→ Task objective
The exercise asks you to copy every line below in which "distinct" appears.

= Beginning of Section =

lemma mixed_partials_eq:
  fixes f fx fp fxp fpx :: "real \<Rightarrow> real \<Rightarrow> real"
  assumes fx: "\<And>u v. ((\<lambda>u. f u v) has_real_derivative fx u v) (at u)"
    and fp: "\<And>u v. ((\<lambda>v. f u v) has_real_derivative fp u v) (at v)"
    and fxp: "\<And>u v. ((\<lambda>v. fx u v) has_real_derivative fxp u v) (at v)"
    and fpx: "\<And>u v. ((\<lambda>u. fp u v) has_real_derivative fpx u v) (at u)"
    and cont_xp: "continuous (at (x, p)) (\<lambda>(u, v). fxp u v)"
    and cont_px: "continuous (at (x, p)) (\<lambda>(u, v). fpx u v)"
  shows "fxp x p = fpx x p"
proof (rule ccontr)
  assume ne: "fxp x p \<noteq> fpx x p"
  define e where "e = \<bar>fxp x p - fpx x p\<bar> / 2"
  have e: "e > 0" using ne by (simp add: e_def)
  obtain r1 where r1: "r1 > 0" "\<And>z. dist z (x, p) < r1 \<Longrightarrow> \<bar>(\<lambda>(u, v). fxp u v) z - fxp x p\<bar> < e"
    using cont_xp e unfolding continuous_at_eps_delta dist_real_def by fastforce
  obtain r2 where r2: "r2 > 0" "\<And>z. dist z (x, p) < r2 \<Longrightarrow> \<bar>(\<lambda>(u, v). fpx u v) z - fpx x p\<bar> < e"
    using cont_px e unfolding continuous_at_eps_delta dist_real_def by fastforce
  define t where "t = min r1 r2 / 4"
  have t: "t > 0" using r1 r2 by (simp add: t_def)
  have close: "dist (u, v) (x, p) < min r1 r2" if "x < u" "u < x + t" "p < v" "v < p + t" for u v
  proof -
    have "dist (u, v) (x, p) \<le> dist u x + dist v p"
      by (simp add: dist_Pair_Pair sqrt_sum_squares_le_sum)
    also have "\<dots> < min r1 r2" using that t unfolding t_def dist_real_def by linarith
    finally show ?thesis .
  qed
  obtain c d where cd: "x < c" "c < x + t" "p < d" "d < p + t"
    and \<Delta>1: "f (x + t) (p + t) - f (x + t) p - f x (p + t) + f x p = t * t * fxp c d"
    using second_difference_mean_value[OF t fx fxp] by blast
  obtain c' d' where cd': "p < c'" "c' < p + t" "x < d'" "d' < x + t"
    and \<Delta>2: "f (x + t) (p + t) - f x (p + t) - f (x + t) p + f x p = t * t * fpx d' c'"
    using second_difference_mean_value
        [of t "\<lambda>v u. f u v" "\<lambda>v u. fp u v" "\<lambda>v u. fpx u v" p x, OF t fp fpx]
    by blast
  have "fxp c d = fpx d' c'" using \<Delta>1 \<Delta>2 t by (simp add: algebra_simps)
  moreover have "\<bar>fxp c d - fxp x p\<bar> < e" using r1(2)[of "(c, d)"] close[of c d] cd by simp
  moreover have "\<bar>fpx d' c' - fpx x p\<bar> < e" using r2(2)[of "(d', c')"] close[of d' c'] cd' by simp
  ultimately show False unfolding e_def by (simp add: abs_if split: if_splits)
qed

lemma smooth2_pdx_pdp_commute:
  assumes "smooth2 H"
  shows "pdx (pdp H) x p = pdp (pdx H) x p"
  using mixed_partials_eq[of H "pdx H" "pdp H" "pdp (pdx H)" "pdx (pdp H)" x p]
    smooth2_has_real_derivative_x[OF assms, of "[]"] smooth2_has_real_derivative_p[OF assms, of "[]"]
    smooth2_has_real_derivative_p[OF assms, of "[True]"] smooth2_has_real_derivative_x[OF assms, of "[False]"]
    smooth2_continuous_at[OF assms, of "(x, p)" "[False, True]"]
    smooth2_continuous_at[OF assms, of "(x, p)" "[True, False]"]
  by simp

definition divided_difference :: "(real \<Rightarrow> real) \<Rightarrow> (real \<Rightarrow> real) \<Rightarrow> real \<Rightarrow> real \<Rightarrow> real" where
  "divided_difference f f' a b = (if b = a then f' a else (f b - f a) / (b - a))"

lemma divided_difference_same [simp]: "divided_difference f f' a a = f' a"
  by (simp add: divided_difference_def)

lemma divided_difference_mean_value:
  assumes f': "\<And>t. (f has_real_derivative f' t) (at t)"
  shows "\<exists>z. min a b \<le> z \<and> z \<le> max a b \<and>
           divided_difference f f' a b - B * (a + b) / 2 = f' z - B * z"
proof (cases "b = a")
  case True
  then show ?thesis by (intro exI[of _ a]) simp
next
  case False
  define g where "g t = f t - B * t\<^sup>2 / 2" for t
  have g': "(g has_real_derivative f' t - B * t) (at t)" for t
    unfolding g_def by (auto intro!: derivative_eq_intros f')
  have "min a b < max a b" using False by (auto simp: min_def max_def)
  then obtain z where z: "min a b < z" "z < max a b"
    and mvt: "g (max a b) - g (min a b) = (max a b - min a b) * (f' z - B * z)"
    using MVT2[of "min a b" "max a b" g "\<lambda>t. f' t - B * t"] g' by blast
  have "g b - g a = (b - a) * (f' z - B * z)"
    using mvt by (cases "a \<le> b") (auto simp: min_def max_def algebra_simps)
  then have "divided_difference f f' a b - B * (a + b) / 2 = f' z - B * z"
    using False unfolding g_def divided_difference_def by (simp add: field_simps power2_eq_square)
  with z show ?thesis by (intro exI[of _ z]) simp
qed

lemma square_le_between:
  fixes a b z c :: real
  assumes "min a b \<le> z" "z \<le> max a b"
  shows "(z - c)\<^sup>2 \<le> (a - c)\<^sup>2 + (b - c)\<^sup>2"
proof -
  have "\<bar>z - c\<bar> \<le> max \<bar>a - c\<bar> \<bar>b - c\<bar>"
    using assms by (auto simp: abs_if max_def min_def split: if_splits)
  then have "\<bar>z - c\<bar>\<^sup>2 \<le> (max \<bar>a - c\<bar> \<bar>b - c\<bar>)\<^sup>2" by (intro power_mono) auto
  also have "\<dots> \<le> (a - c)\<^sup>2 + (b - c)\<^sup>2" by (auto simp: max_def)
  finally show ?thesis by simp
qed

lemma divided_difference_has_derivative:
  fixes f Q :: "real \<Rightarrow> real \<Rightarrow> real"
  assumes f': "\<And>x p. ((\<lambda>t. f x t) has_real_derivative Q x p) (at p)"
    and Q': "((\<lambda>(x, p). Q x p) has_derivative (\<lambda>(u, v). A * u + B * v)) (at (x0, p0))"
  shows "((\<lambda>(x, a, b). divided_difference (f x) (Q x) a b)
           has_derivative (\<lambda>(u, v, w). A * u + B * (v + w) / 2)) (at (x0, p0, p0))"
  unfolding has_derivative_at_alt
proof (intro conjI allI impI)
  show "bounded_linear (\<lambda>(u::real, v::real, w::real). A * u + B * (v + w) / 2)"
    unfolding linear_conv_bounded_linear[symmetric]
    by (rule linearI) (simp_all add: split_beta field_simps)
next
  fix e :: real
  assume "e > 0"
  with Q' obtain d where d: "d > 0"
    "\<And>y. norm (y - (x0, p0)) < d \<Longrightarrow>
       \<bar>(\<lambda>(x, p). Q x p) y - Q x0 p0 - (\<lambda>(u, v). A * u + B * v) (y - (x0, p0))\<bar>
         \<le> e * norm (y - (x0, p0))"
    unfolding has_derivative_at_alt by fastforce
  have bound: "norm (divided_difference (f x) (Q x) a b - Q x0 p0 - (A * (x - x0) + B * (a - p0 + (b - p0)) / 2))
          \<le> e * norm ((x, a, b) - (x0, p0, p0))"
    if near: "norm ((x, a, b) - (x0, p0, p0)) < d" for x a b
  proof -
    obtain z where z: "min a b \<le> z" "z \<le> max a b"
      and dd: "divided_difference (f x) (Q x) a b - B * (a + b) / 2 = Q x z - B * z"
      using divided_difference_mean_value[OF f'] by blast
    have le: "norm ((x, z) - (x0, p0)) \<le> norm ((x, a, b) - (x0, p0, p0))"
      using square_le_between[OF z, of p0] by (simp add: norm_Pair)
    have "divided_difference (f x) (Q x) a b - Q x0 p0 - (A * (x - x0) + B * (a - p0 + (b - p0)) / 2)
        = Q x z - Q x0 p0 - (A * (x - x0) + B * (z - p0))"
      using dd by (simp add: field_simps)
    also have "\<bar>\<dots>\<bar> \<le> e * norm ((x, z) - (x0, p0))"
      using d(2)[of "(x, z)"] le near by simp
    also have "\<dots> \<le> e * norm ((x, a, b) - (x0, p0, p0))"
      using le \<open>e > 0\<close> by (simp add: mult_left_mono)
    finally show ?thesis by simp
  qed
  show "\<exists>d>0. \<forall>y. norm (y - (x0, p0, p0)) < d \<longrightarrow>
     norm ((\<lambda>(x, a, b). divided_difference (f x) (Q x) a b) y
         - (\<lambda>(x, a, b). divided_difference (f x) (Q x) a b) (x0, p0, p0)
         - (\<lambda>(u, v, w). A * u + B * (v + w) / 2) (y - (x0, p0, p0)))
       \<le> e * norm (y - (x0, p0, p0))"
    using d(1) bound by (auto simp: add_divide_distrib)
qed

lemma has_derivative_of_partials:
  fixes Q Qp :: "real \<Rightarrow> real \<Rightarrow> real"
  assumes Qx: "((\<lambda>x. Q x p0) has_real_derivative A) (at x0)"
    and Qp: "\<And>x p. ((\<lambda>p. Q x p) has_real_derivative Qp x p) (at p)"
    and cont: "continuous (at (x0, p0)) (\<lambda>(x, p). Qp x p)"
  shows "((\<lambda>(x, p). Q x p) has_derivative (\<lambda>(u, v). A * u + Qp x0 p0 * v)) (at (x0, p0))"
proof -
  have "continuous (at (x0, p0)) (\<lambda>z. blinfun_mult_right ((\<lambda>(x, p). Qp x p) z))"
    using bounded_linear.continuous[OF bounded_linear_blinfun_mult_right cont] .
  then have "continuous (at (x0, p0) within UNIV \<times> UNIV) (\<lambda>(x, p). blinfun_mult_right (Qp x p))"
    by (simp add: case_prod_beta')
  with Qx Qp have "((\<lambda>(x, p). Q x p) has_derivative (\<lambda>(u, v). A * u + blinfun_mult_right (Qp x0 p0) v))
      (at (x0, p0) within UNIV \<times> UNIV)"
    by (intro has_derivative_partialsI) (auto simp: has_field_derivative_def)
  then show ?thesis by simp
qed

= End of Section =
= Beginning of Section =

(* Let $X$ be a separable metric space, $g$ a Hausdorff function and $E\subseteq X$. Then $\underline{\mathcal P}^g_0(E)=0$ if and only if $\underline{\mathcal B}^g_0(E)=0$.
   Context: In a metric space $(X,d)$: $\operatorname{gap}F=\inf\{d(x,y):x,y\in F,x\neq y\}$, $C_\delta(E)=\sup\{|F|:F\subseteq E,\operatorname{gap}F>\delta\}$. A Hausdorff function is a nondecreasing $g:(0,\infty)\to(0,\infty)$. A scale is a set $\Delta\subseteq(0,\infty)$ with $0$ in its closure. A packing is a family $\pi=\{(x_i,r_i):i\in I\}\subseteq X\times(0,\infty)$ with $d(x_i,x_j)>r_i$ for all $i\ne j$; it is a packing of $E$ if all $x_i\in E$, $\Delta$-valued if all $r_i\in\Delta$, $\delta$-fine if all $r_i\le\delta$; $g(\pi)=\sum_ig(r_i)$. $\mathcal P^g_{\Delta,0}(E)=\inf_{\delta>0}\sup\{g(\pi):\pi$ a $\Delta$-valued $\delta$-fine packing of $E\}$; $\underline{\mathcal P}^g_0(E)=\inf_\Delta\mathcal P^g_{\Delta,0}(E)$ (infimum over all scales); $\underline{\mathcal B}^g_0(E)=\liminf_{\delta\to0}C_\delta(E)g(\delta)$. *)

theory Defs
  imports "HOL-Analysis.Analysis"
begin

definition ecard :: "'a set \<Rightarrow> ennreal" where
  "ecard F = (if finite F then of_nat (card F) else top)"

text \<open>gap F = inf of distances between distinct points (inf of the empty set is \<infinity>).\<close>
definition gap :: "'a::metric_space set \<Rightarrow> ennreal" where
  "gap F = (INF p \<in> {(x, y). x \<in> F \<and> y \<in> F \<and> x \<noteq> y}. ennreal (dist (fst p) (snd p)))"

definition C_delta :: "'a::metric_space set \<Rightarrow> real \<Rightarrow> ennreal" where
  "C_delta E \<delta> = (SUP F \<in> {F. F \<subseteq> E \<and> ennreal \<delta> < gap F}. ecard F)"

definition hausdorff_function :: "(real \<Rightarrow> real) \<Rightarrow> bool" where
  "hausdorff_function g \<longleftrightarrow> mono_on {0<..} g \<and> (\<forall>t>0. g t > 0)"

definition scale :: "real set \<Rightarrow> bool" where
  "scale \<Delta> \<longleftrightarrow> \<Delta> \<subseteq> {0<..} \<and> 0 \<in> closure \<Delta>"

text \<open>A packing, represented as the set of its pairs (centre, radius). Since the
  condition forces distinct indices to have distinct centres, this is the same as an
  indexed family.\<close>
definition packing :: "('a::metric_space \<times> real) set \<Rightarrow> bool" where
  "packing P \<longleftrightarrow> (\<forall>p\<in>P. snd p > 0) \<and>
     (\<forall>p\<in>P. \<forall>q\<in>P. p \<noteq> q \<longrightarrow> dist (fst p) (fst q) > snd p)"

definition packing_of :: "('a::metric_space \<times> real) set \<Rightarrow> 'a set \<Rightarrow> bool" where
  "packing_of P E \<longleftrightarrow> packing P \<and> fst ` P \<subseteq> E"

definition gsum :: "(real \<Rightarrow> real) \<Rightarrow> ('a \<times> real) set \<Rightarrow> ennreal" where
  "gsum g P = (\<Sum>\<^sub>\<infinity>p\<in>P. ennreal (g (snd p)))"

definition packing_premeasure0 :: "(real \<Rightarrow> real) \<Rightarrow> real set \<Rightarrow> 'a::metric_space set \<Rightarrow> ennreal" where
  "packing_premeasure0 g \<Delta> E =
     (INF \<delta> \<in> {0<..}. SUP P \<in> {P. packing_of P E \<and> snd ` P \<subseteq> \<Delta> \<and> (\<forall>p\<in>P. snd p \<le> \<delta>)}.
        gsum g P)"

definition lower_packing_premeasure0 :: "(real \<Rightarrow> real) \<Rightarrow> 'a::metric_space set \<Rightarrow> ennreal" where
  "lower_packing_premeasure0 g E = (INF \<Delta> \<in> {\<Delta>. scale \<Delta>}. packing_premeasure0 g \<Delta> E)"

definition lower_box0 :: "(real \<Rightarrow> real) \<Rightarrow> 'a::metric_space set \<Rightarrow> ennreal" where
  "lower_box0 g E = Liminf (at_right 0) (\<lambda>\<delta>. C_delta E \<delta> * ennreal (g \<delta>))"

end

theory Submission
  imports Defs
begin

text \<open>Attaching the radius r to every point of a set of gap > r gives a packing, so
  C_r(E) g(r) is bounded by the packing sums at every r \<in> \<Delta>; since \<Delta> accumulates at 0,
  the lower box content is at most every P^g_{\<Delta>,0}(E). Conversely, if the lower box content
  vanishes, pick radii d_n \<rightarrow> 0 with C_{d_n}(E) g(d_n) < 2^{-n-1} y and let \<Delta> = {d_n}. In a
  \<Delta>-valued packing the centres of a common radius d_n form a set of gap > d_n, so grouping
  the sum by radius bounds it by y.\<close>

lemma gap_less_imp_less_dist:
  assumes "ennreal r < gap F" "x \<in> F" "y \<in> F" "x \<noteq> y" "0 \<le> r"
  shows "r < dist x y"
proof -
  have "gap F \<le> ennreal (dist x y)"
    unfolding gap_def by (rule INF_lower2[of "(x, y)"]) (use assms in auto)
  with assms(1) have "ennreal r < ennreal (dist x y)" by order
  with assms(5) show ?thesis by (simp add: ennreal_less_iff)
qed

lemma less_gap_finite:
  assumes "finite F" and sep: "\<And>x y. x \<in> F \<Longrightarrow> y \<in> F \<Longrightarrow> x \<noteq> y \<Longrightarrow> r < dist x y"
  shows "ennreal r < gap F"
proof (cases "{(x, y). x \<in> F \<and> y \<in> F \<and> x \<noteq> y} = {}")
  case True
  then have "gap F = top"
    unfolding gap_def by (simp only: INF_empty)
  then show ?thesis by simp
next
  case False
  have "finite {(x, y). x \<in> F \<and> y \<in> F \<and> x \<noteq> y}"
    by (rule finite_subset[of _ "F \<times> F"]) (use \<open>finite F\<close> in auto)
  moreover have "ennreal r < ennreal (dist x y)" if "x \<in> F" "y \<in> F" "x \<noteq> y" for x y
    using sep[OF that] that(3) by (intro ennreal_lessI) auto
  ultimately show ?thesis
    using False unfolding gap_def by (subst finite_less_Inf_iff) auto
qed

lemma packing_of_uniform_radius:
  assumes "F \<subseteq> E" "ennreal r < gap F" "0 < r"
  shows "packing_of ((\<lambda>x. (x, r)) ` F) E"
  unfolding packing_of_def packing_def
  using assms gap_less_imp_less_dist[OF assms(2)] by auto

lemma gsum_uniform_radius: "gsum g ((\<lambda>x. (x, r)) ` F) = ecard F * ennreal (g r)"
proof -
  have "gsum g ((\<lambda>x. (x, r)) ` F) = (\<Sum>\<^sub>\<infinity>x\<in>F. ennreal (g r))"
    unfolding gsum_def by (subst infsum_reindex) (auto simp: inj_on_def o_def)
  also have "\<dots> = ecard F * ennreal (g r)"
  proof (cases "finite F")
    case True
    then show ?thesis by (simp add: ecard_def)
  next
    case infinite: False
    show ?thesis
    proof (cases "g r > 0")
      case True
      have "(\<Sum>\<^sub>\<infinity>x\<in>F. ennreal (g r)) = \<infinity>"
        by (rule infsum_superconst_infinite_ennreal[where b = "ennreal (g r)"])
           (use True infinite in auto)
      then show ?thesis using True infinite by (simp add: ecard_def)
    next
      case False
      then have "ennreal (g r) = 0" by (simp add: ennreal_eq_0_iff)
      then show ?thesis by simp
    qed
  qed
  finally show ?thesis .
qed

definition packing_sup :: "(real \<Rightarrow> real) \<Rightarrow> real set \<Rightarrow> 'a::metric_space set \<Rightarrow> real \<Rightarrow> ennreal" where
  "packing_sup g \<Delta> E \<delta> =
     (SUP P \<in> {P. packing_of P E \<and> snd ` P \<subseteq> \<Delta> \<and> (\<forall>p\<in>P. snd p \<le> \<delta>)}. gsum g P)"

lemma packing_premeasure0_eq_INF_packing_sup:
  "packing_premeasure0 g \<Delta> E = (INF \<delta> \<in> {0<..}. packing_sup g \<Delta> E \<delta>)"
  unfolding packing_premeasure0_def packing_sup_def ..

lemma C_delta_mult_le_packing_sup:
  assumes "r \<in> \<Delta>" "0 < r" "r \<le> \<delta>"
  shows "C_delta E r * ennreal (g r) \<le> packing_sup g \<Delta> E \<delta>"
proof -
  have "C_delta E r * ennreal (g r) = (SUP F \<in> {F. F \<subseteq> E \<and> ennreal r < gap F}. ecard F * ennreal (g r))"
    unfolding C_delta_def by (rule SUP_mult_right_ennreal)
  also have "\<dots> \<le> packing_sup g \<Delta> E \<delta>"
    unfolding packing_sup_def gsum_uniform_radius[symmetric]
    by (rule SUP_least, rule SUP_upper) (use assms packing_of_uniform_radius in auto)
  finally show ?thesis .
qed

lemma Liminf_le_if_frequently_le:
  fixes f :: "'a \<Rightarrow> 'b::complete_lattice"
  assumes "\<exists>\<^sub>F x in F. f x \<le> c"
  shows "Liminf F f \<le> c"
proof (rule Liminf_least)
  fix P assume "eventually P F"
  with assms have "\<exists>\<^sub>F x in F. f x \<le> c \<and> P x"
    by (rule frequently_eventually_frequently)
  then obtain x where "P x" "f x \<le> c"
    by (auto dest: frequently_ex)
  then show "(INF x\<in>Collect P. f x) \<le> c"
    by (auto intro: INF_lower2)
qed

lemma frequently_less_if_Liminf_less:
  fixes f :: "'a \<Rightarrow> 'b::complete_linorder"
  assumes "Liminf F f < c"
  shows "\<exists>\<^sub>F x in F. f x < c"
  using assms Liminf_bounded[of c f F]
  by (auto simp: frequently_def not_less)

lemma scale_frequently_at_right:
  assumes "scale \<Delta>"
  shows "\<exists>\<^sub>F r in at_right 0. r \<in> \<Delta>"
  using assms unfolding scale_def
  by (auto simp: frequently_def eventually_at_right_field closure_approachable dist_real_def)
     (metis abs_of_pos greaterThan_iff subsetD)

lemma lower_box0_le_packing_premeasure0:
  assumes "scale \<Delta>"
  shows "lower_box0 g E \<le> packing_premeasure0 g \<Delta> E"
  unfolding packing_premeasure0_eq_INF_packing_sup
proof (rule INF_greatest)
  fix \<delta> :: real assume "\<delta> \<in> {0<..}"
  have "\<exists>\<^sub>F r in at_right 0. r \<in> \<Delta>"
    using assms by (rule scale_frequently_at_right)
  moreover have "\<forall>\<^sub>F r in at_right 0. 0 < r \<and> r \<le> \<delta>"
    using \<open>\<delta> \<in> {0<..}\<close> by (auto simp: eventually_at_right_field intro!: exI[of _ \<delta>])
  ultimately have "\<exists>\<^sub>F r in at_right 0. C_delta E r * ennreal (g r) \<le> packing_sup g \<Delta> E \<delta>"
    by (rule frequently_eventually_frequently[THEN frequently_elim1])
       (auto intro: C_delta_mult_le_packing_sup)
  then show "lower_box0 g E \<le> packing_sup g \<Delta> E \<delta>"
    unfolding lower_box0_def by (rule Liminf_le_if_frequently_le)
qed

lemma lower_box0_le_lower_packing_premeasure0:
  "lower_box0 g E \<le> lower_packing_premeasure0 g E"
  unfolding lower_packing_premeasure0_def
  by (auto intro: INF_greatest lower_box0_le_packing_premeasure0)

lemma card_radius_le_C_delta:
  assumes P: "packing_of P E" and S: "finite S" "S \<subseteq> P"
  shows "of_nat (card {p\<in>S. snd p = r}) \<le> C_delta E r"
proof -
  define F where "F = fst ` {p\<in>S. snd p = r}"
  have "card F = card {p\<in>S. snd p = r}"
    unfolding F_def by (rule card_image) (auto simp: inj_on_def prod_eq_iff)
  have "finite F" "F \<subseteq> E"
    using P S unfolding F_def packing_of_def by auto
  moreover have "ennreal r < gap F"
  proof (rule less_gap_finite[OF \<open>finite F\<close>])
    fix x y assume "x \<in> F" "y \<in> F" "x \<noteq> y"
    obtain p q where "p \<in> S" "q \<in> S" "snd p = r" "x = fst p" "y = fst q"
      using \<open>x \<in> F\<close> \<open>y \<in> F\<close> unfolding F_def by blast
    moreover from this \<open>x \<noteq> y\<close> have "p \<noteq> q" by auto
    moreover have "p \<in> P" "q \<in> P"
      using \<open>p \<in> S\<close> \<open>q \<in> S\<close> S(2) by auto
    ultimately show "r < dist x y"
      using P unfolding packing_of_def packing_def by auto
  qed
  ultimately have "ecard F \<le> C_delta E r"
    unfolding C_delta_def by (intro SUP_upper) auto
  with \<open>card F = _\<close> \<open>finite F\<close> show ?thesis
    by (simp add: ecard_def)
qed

= End of Section =
= Beginning of Section =

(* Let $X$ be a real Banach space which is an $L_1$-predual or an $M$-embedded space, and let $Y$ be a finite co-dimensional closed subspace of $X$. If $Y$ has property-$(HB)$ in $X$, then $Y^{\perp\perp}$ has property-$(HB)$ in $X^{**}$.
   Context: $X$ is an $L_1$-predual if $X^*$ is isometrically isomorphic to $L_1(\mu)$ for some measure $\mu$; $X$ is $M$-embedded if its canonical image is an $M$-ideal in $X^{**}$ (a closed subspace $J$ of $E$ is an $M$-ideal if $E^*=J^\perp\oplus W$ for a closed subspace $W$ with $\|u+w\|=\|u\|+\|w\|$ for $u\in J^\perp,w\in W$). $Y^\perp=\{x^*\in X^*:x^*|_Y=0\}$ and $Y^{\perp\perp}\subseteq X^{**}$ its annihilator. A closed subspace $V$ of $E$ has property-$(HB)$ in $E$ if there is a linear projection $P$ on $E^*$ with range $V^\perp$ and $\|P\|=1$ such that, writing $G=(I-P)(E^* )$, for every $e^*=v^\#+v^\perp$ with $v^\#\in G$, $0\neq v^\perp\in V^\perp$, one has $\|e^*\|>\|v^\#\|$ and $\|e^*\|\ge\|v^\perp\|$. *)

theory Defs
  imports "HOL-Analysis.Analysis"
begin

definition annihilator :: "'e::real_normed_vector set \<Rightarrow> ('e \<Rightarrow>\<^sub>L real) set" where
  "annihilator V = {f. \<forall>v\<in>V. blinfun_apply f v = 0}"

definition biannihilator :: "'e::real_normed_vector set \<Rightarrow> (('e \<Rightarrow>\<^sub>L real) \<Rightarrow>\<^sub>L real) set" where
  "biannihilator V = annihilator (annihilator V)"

= End of Section =

→ Response box
text \<open>gap F = inf of distances between distinct points (inf of the empty set is \<infinity>).\<close>
  condition forces distinct indices to have distinct centres, this is the same as an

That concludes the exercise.